▶ PROBLEM TO SOLVE
Find every line containing the word "open" in the records below; report only how many there are.

▶ DATASET

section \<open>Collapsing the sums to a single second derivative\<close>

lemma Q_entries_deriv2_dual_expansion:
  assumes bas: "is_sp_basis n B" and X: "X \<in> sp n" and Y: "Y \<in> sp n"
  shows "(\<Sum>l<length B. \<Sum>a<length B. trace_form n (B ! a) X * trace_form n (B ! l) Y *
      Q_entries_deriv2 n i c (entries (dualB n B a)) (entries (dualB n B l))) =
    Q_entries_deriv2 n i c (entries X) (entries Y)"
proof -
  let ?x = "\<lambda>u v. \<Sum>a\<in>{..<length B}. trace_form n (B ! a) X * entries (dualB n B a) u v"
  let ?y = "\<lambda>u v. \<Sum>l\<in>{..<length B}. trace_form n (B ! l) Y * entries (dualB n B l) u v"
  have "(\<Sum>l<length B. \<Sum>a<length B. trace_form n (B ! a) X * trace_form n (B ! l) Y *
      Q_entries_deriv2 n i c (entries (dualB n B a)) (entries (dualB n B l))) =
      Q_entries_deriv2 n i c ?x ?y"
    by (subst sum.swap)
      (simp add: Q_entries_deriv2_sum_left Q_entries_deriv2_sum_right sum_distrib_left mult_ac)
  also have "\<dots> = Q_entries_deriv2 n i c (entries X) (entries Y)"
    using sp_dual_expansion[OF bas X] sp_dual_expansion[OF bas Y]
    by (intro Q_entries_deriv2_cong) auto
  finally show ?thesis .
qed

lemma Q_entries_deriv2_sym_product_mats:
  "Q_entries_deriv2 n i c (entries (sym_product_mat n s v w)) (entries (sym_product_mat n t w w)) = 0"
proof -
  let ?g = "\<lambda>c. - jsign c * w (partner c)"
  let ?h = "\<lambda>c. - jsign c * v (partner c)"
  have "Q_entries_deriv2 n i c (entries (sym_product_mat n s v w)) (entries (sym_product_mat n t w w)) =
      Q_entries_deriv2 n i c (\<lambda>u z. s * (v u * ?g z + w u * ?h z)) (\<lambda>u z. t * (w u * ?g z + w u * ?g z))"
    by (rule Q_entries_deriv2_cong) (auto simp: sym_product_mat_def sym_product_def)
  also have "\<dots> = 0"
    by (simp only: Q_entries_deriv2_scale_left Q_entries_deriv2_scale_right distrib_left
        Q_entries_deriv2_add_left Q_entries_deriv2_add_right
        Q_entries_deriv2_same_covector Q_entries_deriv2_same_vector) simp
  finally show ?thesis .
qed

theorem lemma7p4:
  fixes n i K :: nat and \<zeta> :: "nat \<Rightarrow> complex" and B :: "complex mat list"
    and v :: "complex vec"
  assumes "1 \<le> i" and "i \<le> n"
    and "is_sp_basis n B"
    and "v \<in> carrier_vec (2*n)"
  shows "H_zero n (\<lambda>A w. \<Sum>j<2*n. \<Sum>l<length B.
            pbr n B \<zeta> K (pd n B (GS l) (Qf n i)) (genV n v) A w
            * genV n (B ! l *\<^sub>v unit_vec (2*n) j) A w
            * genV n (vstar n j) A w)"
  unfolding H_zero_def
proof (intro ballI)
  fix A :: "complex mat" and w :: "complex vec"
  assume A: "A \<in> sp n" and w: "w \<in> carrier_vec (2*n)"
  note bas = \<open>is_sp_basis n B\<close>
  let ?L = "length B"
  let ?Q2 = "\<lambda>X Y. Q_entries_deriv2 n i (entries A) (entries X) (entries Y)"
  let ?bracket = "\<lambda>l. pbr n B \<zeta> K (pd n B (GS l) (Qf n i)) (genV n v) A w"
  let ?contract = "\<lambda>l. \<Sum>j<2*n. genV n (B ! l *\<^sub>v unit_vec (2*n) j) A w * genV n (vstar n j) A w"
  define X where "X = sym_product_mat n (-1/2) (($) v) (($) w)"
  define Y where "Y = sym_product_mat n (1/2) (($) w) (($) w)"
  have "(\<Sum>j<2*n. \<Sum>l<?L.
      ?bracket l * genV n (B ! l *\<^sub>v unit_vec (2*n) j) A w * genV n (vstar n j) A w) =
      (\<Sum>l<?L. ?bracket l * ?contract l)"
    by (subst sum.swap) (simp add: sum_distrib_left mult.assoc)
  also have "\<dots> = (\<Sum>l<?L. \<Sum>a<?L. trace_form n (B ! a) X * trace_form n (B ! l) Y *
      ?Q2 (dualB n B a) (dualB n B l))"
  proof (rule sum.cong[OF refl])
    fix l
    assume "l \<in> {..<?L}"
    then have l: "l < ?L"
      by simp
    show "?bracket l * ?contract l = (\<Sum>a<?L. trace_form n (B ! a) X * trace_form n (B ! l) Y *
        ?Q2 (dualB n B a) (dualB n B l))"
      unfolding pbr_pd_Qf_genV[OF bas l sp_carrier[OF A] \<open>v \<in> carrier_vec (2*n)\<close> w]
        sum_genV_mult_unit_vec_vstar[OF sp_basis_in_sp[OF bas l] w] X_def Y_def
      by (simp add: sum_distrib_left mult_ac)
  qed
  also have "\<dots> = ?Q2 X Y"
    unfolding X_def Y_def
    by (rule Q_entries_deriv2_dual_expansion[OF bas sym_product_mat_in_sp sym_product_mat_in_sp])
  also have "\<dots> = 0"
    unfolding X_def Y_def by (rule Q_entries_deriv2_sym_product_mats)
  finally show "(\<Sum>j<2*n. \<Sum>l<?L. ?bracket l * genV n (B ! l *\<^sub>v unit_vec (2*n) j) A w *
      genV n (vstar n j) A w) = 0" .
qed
---
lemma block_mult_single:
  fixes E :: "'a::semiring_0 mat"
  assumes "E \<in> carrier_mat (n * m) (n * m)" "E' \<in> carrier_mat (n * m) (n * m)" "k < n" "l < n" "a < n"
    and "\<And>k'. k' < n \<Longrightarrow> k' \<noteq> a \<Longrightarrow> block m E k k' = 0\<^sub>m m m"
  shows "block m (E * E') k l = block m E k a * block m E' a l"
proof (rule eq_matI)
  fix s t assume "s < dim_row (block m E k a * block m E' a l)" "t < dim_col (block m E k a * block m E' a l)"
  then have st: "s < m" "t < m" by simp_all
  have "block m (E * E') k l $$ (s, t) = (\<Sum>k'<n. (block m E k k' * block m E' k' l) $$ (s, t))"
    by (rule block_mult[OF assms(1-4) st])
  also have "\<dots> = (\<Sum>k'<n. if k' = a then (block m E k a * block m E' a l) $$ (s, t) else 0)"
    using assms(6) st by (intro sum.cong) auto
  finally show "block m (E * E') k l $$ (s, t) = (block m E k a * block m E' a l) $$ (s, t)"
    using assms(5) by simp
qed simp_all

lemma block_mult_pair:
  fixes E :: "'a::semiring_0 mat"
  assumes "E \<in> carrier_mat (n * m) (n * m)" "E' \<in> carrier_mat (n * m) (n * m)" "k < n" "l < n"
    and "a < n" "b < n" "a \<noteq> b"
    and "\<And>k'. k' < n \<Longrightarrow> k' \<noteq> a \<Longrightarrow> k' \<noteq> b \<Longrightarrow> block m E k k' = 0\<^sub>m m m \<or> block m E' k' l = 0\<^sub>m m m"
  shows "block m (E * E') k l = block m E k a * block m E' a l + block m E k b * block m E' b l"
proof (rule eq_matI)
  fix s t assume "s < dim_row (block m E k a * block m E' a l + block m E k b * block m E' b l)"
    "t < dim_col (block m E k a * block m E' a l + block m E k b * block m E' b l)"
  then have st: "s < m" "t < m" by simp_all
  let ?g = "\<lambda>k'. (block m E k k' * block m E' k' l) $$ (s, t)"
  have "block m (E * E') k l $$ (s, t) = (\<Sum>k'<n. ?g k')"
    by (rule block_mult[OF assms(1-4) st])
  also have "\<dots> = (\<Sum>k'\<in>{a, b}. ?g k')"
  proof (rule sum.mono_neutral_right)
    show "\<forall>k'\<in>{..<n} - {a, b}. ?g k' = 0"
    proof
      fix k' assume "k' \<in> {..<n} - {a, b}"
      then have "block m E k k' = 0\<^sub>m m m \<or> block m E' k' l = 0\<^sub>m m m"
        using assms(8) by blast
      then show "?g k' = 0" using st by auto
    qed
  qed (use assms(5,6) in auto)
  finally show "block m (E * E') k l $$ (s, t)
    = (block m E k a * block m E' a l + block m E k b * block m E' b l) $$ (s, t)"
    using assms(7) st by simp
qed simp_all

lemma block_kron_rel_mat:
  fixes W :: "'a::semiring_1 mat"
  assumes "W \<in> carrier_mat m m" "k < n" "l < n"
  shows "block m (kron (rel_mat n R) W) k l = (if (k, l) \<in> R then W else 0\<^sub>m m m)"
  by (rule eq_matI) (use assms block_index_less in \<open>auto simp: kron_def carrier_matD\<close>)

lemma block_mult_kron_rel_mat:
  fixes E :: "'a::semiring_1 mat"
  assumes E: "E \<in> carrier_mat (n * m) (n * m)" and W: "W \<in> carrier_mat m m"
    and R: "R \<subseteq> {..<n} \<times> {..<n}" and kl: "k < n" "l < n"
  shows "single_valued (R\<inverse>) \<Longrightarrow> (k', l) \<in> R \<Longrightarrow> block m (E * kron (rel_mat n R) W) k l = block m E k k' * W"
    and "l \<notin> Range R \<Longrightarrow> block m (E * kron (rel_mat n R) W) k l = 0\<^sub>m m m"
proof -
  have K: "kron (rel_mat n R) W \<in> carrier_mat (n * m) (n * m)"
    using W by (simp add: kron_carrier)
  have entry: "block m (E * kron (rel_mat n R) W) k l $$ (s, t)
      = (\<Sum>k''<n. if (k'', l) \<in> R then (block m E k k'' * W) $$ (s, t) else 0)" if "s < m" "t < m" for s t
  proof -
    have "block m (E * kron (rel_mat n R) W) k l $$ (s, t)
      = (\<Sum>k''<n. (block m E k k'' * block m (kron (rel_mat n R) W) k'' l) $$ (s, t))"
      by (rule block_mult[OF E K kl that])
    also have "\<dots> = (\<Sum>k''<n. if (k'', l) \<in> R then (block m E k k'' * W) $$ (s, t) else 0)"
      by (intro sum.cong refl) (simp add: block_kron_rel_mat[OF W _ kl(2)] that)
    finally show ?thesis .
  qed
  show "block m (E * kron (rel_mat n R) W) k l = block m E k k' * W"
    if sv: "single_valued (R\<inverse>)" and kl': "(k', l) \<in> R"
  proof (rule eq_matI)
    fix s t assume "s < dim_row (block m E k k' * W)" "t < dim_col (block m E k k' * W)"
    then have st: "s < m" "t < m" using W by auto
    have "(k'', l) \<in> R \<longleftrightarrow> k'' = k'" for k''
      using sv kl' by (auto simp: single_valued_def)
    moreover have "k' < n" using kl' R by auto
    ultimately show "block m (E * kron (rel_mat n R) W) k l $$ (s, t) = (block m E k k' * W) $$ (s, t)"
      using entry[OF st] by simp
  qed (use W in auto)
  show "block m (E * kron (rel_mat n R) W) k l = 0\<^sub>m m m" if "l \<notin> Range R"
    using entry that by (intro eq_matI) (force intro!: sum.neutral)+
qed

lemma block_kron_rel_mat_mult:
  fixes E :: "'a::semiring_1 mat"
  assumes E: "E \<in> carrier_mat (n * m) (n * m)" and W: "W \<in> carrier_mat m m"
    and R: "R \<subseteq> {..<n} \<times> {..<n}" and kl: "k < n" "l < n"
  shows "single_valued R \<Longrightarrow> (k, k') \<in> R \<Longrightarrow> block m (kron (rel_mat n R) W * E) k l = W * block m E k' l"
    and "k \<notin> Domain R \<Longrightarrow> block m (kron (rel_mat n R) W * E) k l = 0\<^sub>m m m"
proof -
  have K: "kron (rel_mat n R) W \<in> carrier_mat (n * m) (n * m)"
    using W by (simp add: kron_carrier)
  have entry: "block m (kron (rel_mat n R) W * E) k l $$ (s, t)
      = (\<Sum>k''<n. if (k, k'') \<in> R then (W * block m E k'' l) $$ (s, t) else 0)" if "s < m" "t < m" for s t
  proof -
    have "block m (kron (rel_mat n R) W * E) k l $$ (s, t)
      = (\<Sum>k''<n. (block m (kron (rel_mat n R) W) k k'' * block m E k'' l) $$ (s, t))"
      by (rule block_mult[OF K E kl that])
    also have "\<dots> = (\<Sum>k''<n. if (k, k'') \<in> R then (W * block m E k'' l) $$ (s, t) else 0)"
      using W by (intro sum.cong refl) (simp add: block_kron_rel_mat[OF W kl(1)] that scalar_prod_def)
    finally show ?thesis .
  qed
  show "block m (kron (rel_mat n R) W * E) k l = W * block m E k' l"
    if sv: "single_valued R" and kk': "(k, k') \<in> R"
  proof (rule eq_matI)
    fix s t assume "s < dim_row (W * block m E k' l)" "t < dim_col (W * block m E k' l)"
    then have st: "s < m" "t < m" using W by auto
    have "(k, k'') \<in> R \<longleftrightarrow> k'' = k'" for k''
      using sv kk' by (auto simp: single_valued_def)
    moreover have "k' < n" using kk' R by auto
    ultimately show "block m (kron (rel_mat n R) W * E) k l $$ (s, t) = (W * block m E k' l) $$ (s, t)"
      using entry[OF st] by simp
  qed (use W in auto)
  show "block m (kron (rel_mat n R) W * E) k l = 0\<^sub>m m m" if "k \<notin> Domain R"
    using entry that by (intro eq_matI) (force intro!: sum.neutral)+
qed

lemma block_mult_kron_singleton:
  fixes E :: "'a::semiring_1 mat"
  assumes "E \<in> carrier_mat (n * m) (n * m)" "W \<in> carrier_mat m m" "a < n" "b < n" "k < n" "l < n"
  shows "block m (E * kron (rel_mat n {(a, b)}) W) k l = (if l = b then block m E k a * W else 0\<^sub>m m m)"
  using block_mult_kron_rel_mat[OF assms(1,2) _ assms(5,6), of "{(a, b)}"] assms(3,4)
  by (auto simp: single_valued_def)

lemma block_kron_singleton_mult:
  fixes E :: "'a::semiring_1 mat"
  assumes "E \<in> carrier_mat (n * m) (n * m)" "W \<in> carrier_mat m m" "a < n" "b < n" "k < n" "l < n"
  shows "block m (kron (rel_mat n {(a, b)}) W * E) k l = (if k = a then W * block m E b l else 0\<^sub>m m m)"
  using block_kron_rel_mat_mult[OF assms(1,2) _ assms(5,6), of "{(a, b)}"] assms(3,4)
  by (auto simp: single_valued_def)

▶ ANSWER SPACE
4